§ PROVIDED DATA
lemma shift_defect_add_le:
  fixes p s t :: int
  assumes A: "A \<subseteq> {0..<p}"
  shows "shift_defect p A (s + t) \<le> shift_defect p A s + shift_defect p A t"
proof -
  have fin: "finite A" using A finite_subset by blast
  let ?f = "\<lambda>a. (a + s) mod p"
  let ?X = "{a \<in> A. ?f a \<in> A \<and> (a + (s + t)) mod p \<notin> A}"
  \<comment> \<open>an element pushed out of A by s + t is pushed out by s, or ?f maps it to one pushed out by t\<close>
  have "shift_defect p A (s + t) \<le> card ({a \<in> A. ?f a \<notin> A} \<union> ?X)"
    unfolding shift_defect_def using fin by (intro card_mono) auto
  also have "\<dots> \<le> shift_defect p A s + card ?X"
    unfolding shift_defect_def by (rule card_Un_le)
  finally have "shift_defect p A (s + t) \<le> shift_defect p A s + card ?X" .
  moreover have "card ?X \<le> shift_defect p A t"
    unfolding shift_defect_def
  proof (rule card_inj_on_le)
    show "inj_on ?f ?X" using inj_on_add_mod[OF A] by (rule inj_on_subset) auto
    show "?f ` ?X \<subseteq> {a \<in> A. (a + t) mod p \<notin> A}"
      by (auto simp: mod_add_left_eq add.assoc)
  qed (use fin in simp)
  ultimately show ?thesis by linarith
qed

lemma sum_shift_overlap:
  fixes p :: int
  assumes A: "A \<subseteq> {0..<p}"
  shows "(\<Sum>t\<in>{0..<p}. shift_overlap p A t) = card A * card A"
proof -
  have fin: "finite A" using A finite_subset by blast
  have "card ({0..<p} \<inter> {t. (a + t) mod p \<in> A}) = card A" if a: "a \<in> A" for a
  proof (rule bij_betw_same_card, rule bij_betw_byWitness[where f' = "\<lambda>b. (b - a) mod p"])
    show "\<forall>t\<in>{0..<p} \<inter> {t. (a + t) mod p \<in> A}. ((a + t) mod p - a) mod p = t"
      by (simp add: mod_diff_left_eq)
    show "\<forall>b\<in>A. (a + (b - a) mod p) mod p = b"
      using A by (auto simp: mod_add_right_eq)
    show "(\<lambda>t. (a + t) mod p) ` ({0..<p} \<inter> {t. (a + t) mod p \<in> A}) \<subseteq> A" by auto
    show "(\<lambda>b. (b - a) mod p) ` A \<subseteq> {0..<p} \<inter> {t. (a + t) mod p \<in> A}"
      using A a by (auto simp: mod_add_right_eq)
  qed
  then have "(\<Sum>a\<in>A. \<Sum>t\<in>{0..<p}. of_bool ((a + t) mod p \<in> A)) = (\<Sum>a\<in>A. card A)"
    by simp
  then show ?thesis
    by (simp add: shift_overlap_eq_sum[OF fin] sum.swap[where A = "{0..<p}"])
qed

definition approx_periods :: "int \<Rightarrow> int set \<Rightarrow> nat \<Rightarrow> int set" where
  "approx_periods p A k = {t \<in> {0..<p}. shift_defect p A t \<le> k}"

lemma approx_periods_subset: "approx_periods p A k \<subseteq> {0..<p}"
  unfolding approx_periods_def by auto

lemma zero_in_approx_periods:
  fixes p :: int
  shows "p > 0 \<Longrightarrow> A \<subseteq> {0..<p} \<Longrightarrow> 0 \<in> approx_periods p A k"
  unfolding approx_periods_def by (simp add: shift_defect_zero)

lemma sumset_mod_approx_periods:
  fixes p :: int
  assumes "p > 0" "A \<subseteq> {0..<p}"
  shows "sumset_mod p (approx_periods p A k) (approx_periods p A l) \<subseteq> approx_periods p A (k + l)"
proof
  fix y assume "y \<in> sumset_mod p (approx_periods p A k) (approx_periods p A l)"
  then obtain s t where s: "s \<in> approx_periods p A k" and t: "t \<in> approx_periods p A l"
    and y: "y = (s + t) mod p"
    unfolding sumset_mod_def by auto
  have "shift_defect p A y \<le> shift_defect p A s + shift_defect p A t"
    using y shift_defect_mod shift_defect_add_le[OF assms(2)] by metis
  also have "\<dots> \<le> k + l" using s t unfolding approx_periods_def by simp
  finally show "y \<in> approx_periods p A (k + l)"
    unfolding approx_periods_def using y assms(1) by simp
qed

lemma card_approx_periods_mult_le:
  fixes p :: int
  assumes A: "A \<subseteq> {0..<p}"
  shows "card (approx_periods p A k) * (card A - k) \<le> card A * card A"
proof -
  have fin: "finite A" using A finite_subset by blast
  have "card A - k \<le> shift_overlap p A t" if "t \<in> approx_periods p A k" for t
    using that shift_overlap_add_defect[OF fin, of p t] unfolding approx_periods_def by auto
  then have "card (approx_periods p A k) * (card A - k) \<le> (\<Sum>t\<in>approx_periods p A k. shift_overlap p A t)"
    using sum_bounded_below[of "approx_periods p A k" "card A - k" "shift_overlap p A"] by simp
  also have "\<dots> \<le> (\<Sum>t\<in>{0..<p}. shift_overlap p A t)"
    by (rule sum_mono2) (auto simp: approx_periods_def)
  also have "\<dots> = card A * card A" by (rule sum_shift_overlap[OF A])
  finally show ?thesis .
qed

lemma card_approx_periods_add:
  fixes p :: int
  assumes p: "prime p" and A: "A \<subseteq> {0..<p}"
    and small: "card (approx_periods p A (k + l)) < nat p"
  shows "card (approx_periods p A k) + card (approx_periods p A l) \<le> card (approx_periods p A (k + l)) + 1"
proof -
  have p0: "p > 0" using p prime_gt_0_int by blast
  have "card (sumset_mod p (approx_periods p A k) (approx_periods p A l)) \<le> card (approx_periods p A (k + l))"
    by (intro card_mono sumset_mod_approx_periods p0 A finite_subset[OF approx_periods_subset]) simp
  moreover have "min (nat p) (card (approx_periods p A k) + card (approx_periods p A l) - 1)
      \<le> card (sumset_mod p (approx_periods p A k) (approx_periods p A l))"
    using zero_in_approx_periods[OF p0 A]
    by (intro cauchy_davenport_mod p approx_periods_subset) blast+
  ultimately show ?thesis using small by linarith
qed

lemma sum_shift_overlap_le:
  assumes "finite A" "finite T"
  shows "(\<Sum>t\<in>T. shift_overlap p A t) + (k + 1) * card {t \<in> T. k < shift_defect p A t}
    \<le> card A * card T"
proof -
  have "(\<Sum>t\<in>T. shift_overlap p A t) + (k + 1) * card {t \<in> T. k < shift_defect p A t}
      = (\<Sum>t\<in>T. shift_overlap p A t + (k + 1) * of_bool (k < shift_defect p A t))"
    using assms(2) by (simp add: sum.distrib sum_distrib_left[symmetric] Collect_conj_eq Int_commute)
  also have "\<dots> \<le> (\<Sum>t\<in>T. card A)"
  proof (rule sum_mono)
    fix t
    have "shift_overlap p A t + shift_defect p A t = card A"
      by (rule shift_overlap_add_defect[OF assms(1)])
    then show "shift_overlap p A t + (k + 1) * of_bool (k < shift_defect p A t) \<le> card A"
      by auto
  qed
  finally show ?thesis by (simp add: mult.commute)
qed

§ ASSIGNED TASK
Give back exactly the lines of the listing above that run from the line with "l)) \<le> card" to the line with "(approx_periods p A l) - 1)", inclusive.

§ SOLVED PROBLEM
  have "card (sumset_mod p (approx_periods p A k) (approx_periods p A l)) \<le> card (approx_periods p A (k + l))"
    by (intro card_mono sumset_mod_approx_periods p0 A finite_subset[OF approx_periods_subset]) simp
  moreover have "min (nat p) (card (approx_periods p A k) + card (approx_periods p A l) - 1)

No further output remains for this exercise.